**MATERIAL SHOWN:**
(* Let $\alpha,\beta\in(0,\pi]$ and let $f:S_\alpha\to S_\beta$, $f(z)=z^{\beta/\alpha}$ (principal branch). Then for all $x,y\in S_\alpha$: if $\alpha\le\beta$, $$s_{S_\alpha}(x,y)\le s_{S_\beta}(f(x),f(y))\le\frac{\beta\sin(\alpha/2)}{\alpha\sin(\beta/2)}\,s_{S_\alpha}(x,y);$$ otherwise (if $\alpha>\beta$), $$\frac{\beta\sin(\alpha/2)}{\alpha\sin(\beta/2)}\,s_{S_\alpha}(x,y)\le s_{S_\beta}(f(x),f(y))\le s_{S_\alpha}(x,y).$$ Furthermore, the constants here are sharp.
   Context: $S_\theta=\{x\in\mathbb{C}:0<\arg(x)<\theta\}$. For a domain $G\subsetneq\mathbb{C}$, $s_G(x,y)=\frac{|x-y|}{\inf_{z\in\partial G}(|x-z|+|z-y|)}$. *)

theory Defs
  imports "HOL-Analysis.Analysis"
begin

text \<open>The sector S_theta = {x in C : 0 < arg x < theta}, with the principal argument Arg
  (values in (-pi, pi]); for 0 < theta <= pi this is the paper's sector.\<close>
definition sector :: "real \<Rightarrow> complex set" where
  "sector \<theta> = {x. 0 < Arg x \<and> Arg x < \<theta>}"

definition tri_ratio :: "complex set \<Rightarrow> complex \<Rightarrow> complex \<Rightarrow> real" where
  "tri_ratio G x y = cmod (x - y) / (INF z\<in>frontier G. cmod (x - z) + cmod (z - y))"

definition sector_pow :: "real \<Rightarrow> real \<Rightarrow> complex \<Rightarrow> complex" where
  "sector_pow \<alpha> \<beta> z = z powr (complex_of_real (\<beta> / \<alpha>))"
(* Let $F(\mathcal A)$ be a free group on a finite set $\mathcal A$, let $\psi$ be an automorphism of $F(\mathcal A)$, and let $\Gamma=F(\mathcal A)\rtimes_{(\psi)}F(s,t)$, where $F(s,t)$ is free on $s,t$ and both $s$ and $t$ act by $\psi$ (i.e. $sas^{-1}=tat^{-1}=\psi(a)$). Let $P\colon\mathbb N\to\mathbb N$ be an increasing function such that $d_{\mathcal A}(1,\psi^n(a))\le P(|n|)$ for all $a\in\mathcal A$ and $n\in\mathbb Z$. Then the length function $L$ of the combing $\sigma^{F(s,t)}\cdot\sigma^{F(\mathcal A)}$ of $\Gamma$ satisfies $L(n)\le nP(n)+n$ for all $n$.
   Context: Every $\gamma\in\Gamma$ is uniquely $\gamma=u\cdot g$ with $u\in F(s,t)$, $g\in F(\mathcal A)$. The combing $\sigma^{F(s,t)}\cdot\sigma^{F(\mathcal A)}$ assigns to $\gamma$ the word $\sigma_\gamma$ obtained by concatenating the freely reduced word in $\{s,t\}^{\pm}$ representing $u$ with the freely reduced word in $\mathcal A^{\pm}$ representing $g$. Its length is $L(n)=\max\{|\sigma_\gamma|: d_{\mathcal A\cup\{s,t\}}(1,\gamma)\le n\}$, where $|\sigma_\gamma|$ is the word length of $\sigma_\gamma$ and $d_{\mathcal A\cup\{s,t\}}$, $d_{\mathcal A}$ are word metrics. *)

theory Defs
  imports Main
begin

text \<open>A letter is a generator with a sign: (x, True) is x, (x, False) is x^-1.\<close>
type_synonym 'g word = "('g \<times> bool) list"

definition inv_letter :: "'g \<times> bool \<Rightarrow> 'g \<times> bool" where
  "inv_letter x = (fst x, \<not> snd x)"

definition inv_word :: "'g word \<Rightarrow> 'g word" where
  "inv_word w = rev (map inv_letter w)"

fun cancel_cons :: "'g \<times> bool \<Rightarrow> 'g word \<Rightarrow> 'g word" where
  "cancel_cons x [] = [x]"
| "cancel_cons x (y # ys) = (if y = inv_letter x then ys else x # y # ys)"

definition reduce :: "'g word \<Rightarrow> 'g word" where
  "reduce w = foldr cancel_cons w []"

fun reduced :: "'g word \<Rightarrow> bool" where
  "reduced (x # y # ys) = (y \<noteq> inv_letter x \<and> reduced (y # ys))"
| "reduced _ = True"

definition words_on :: "'g set \<Rightarrow> 'g word set" where
  "words_on A = {w. fst ` set w \<subseteq> A}"

definition free_grp :: "'g set \<Rightarrow> 'g word set" where
  "free_grp A = {w. reduced w \<and> w \<in> words_on A}"

definition dist_free :: "'g set \<Rightarrow> 'g word \<Rightarrow> nat" where
  "dist_free A g = (LEAST k. \<exists>w \<in> words_on A. length w = k \<and> reduce w = g)"

definition subst_hom :: "('g \<Rightarrow> 'g word) \<Rightarrow> 'g word \<Rightarrow> 'g word" where
  "subst_hom \<psi> w = reduce (concat (map (\<lambda>(a, b). if b then \<psi> a else inv_word (\<psi> a)) w))"

definition is_aut :: "'g set \<Rightarrow> ('g \<Rightarrow> 'g word) \<Rightarrow> bool" where
  "is_aut A \<psi> \<longleftrightarrow> (\<forall>a \<in> A. \<psi> a \<in> free_grp A) \<and>
                  bij_betw (subst_hom \<psi>) (free_grp A) (free_grp A)"

definition aut_pow :: "'g set \<Rightarrow> ('g \<Rightarrow> 'g word) \<Rightarrow> int \<Rightarrow> 'g word \<Rightarrow> 'g word" where
  "aut_pow A \<psi> n = (if 0 \<le> n then subst_hom \<psi> ^^ nat n
                     else inv_into (free_grp A) (subst_hom \<psi>) ^^ nat (- n))"

datatype st = S | T

text \<open>An element gamma = u * g of Gamma (u in F(s,t), g in F(A)) is represented by the
  pair (u, g) of freely reduced words. The relations are s a s^-1 = t a t^-1 = psi(a).\<close>
type_synonym 'g gam = "st word \<times> 'g word"

definition sgn_letter :: "st \<times> bool \<Rightarrow> int" where
  "sgn_letter x = (if snd x then 1 else -1)"

text \<open>Right multiplication by a generator of Gamma (from A \<union> {s,t}, or its inverse):
  u g a^e = u (g a^e);  u g x^e = u x^e psi^{-e}(g) for x \<in> {s,t}.\<close>
fun mult_gen :: "'g set \<Rightarrow> ('g \<Rightarrow> 'g word) \<Rightarrow> 'g gam \<Rightarrow> ('g + st) \<times> bool \<Rightarrow> 'g gam" where
  "mult_gen A \<psi> (u, g) (Inl a, e) = (u, reduce (g @ [(a, e)]))"
| "mult_gen A \<psi> (u, g) (Inr x, e) =
     (reduce (u @ [(x, e)]), aut_pow A \<psi> (- sgn_letter (x, e)) g)"

definition gen_words :: "'g set \<Rightarrow> ('g + st) word set" where
  "gen_words A = {w. \<forall>x \<in> set w. \<forall>a. fst x = Inl a \<longrightarrow> a \<in> A}"

definition eval_gam :: "'g set \<Rightarrow> ('g \<Rightarrow> 'g word) \<Rightarrow> ('g + st) word \<Rightarrow> 'g gam" where
  "eval_gam A \<psi> w = foldl (mult_gen A \<psi>) ([], []) w"

definition Gam :: "'g set \<Rightarrow> ('g \<Rightarrow> 'g word) \<Rightarrow> 'g gam set" where
  "Gam A \<psi> = eval_gam A \<psi> ` gen_words A"

definition dist_gam :: "'g set \<Rightarrow> ('g \<Rightarrow> 'g word) \<Rightarrow> 'g gam \<Rightarrow> nat" where
  "dist_gam A \<psi> \<gamma> = (LEAST k. \<exists>w \<in> gen_words A. length w = k \<and> eval_gam A \<psi> w = \<gamma>)"

definition comb :: "'g gam \<Rightarrow> ('g + st) word" where
  "comb \<gamma> = map (\<lambda>(x, e). (Inr x, e)) (fst \<gamma>) @ map (\<lambda>(a, e). (Inl a, e)) (snd \<gamma>)"

definition comb_length :: "'g set \<Rightarrow> ('g \<Rightarrow> 'g word) \<Rightarrow> nat \<Rightarrow> nat" where
  "comb_length A \<psi> n = Max {length (comb \<gamma>) | \<gamma>. \<gamma> \<in> Gam A \<psi> \<and> dist_gam A \<psi> \<gamma> \<le> n}"

end

theory Submission imports Defs begin

text \<open>Follow a word w of length k over A \<union> {s,t} from left to right. Each letter s or t
  acts on the F(A)-part by psi or its inverse, each letter of A is appended to it. Hence the
  F(A)-part of the value of w is a product of at most k factors psi^j(a) or psi^j(a)^-1 with
  a \<in> A and |j| \<le> k, each of length at most P(k), while the F(s,t)-part has length at most k.
  For a geodesic word of length k \<le> n this gives |sigma_gamma| \<le> k + k P(k) \<le> n + n P(n).\<close>

lemma inv_letter_inv_letter [simp]: "inv_letter (inv_letter x) = x"
  by (cases x) (simp add: inv_letter_def)

lemma inv_word_inv_word [simp]: "inv_word (inv_word w) = w"
  unfolding inv_word_def by (simp add: rev_map comp_def)

lemma inv_word_Nil [simp]: "inv_word [] = []"
  by (simp add: inv_word_def)

lemma inv_word_Cons [simp]: "inv_word (x # w) = inv_word w @ [inv_letter x]"
  by (simp add: inv_word_def)

lemma inv_word_append [simp]: "inv_word (v @ w) = inv_word w @ inv_word v"
  by (simp add: inv_word_def)

lemma reduced_Cons: "reduced (x # w) \<longleftrightarrow> reduced w \<and> (w = [] \<or> hd w \<noteq> inv_letter x)"
  by (cases w) auto

lemma reduced_snoc: "reduced (w @ [y]) \<longleftrightarrow> reduced w \<and> (w = [] \<or> y \<noteq> inv_letter (last w))"
  by (induction w rule: reduced.induct) (auto simp: reduced_Cons)

lemma reduced_inv_word: "reduced w \<Longrightarrow> reduced (inv_word w)"
proof (induction w)
  case (Cons x w)
  have "last (inv_word w) = inv_letter (hd w)" if "w \<noteq> []"
    using that by (cases w) auto
  moreover have "inv_letter x = inv_letter y \<Longrightarrow> x = y" for y
    by (metis inv_letter_inv_letter)
  ultimately show ?case
    using Cons by (cases "w = []") (auto simp: reduced_snoc reduced_Cons inv_word_def)
qed simp

lemma reduce_Nil [simp]: "reduce [] = []"
  by (simp add: reduce_def)

lemma reduce_Cons: "reduce (x # w) = cancel_cons x (reduce w)"
  by (simp add: reduce_def)

lemma reduced_foldr_cancel_cons: "reduced z \<Longrightarrow> reduced (foldr cancel_cons v z)"
proof (induction v)
  case (Cons x v)
  then show ?case by (cases "foldr cancel_cons v z") (auto simp: reduced_Cons)
qed simp

lemma reduced_reduce: "reduced (reduce w)"
  unfolding reduce_def by (rule reduced_foldr_cancel_cons) simp

lemma reduce_reduced: "reduced w \<Longrightarrow> reduce w = w"
proof (induction w)
  case (Cons x w)
  then show ?case by (cases w) (auto simp: reduce_Cons reduced_Cons)
qed simp

lemma cancel_cons_inv_letter: "reduced z \<Longrightarrow> cancel_cons x (cancel_cons (inv_letter x) z) = z"
  by (cases z rule: reduced.cases) auto

lemma foldr_cancel_cons_reduce:
  "reduced z \<Longrightarrow> foldr cancel_cons (reduce v) z = foldr cancel_cons v z"
proof (induction v)
  case (Cons x v)
  have "foldr cancel_cons (cancel_cons x r) z = cancel_cons x (foldr cancel_cons r z)"
    if "reduced r" for r
    using that Cons.prems
    by (cases r) (auto simp: reduced_Cons cancel_cons_inv_letter reduced_foldr_cancel_cons)
  with Cons show ?case by (simp add: reduce_Cons reduced_reduce)
qed simp

lemma reduce_append: "reduce (v @ w) = foldr cancel_cons v (reduce w)"
  by (simp add: reduce_def)

lemma reduce_append_reduce_left: "reduce (reduce v @ w) = reduce (v @ w)"
  by (simp add: reduce_append foldr_cancel_cons_reduce reduced_reduce)

lemma reduce_append_reduce_right: "reduce (v @ reduce w) = reduce (v @ w)"
  by (simp add: reduce_append reduce_reduced reduced_reduce)

lemma reduce_append_inv_word: "reduce (w @ inv_word w) = []"
proof (induction w)
  case (Cons x w)
  have "reduce ((x # w) @ inv_word (x # w)) = reduce (x # (w @ inv_word w) @ [inv_letter x])"
    by simp
  also have "\<dots> = reduce (x # reduce (w @ inv_word w) @ [inv_letter x])"
    using reduce_append_reduce_left[of "w @ inv_word w" "[inv_letter x]"]
    by (simp add: reduce_Cons)
  also have "\<dots> = []" using Cons by (simp add: reduce_Cons)
  finally show ?case .
qed simp

lemma reduce_inv_word: "reduce (inv_word w) = inv_word (reduce w)"
proof -
  let ?r = "reduce w"
  have "reduce (inv_word ?r @ w @ inv_word w) = reduce (inv_word ?r @ reduce (w @ inv_word w))"
    by (simp add: reduce_append_reduce_right)
  also have "\<dots> = inv_word ?r"
    by (simp add: reduce_append_inv_word reduce_reduced reduced_inv_word reduced_reduce)
  finally have "reduce (inv_word ?r @ w @ inv_word w) = inv_word ?r" .
  moreover have "reduce (inv_word ?r @ w @ inv_word w) = reduce (reduce (inv_word ?r @ ?r) @ inv_word w)"
    using reduce_append_reduce_left[of "inv_word ?r @ w" "inv_word w"]
      reduce_append_reduce_right[of "inv_word ?r" w]
      reduce_append_reduce_left[of "inv_word ?r @ ?r" "inv_word w"]
    by simp
  moreover have "reduce (inv_word ?r @ ?r) = []"
    using reduce_append_inv_word[of "inv_word ?r"] by simp
  ultimately show ?thesis by simp
qed

lemma set_reduce: "set (reduce w) \<subseteq> set w"
proof (induction w)
  case (Cons x w)
  then show ?case by (cases "reduce w") (auto simp: reduce_Cons)
qed simp

lemma length_reduce: "length (reduce w) \<le> length w"
proof (induction w)
  case (Cons x w)
  then show ?case by (cases "reduce w") (auto simp: reduce_Cons)
qed simp

lemma free_grp_reduce: "w \<in> words_on A \<Longrightarrow> reduce w \<in> free_grp A"
  using set_reduce[of w] by (auto simp: free_grp_def words_on_def reduced_reduce)

lemma free_grp_mult: "x \<in> free_grp A \<Longrightarrow> y \<in> free_grp A \<Longrightarrow> reduce (x @ y) \<in> free_grp A"
  by (rule free_grp_reduce) (auto simp: free_grp_def words_on_def)

lemma free_grp_inv_word: "x \<in> free_grp A \<Longrightarrow> inv_word x \<in> free_grp A"
  using reduced_inv_word[of x]
  by (auto simp: free_grp_def words_on_def inv_word_def inv_letter_def)

lemma concat_in_words_on: "set L \<subseteq> free_grp A \<Longrightarrow> concat L \<in> words_on A"
  unfolding words_on_def free_grp_def by auto

lemma free_grp_Nil [simp]: "[] \<in> free_grp A"
  by (simp add: free_grp_def words_on_def)

lemma free_grp_letter: "a \<in> A \<Longrightarrow> [(a, e)] \<in> free_grp A"
  by (simp add: free_grp_def words_on_def)

lemma length_le_dist_free: "g \<in> free_grp A \<Longrightarrow> length g \<le> dist_free A g"
proof -
  assume g: "g \<in> free_grp A"
  then have "\<exists>k. \<exists>w \<in> words_on A. length w = k \<and> reduce w = g"
    by (auto simp: free_grp_def reduce_reduced intro!: bexI[of _ g])
  from LeastI_ex[OF this] obtain w where "length w = dist_free A g" "reduce w = g"
    unfolding dist_free_def by blast
  then show ?thesis using length_reduce[of w] by simp
qed

definition free_endo :: "'g set \<Rightarrow> ('g word \<Rightarrow> 'g word) \<Rightarrow> bool" where
  "free_endo A f \<longleftrightarrow> (\<forall>x \<in> free_grp A. f x \<in> free_grp A) \<and>
     (\<forall>x \<in> free_grp A. \<forall>y \<in> free_grp A. f (reduce (x @ y)) = reduce (f x @ f y)) \<and>
     (\<forall>x \<in> free_grp A. f (inv_word x) = inv_word (f x))"

lemma free_endo_Nil:
  assumes "free_endo A f" shows "f [] = []"
proof -
  have "f [] = reduce (f [] @ f [])"
    using assms unfolding free_endo_def by (metis append_Nil free_grp_Nil reduce_Nil)
  moreover have "f [] = inv_word (f [])"
    using assms unfolding free_endo_def by (metis free_grp_Nil inv_word_Nil)
  ultimately show ?thesis by (metis reduce_append_inv_word)
qed

lemma free_endo_reduce_concat:
  assumes f: "free_endo A f" and L: "set L \<subseteq> free_grp A"
  shows "f (reduce (concat L)) = reduce (concat (map f L))"
  using L
proof (induction L)
  case (Cons x L)
  have "reduce (concat L) \<in> free_grp A"
    using Cons.prems by (intro free_grp_reduce concat_in_words_on) simp
  then have "f (reduce (x @ reduce (concat L))) = reduce (f x @ f (reduce (concat L)))"
    using f Cons.prems unfolding free_endo_def by simp
  with Cons show ?case by (simp add: reduce_append_reduce_right)
qed (simp add: free_endo_Nil[OF f])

**EXERCISE REQUIREMENTS:** Could you tally the lines in these records that contain the word "frac" and give only the result?

**EXERCISE ANSWER:** 2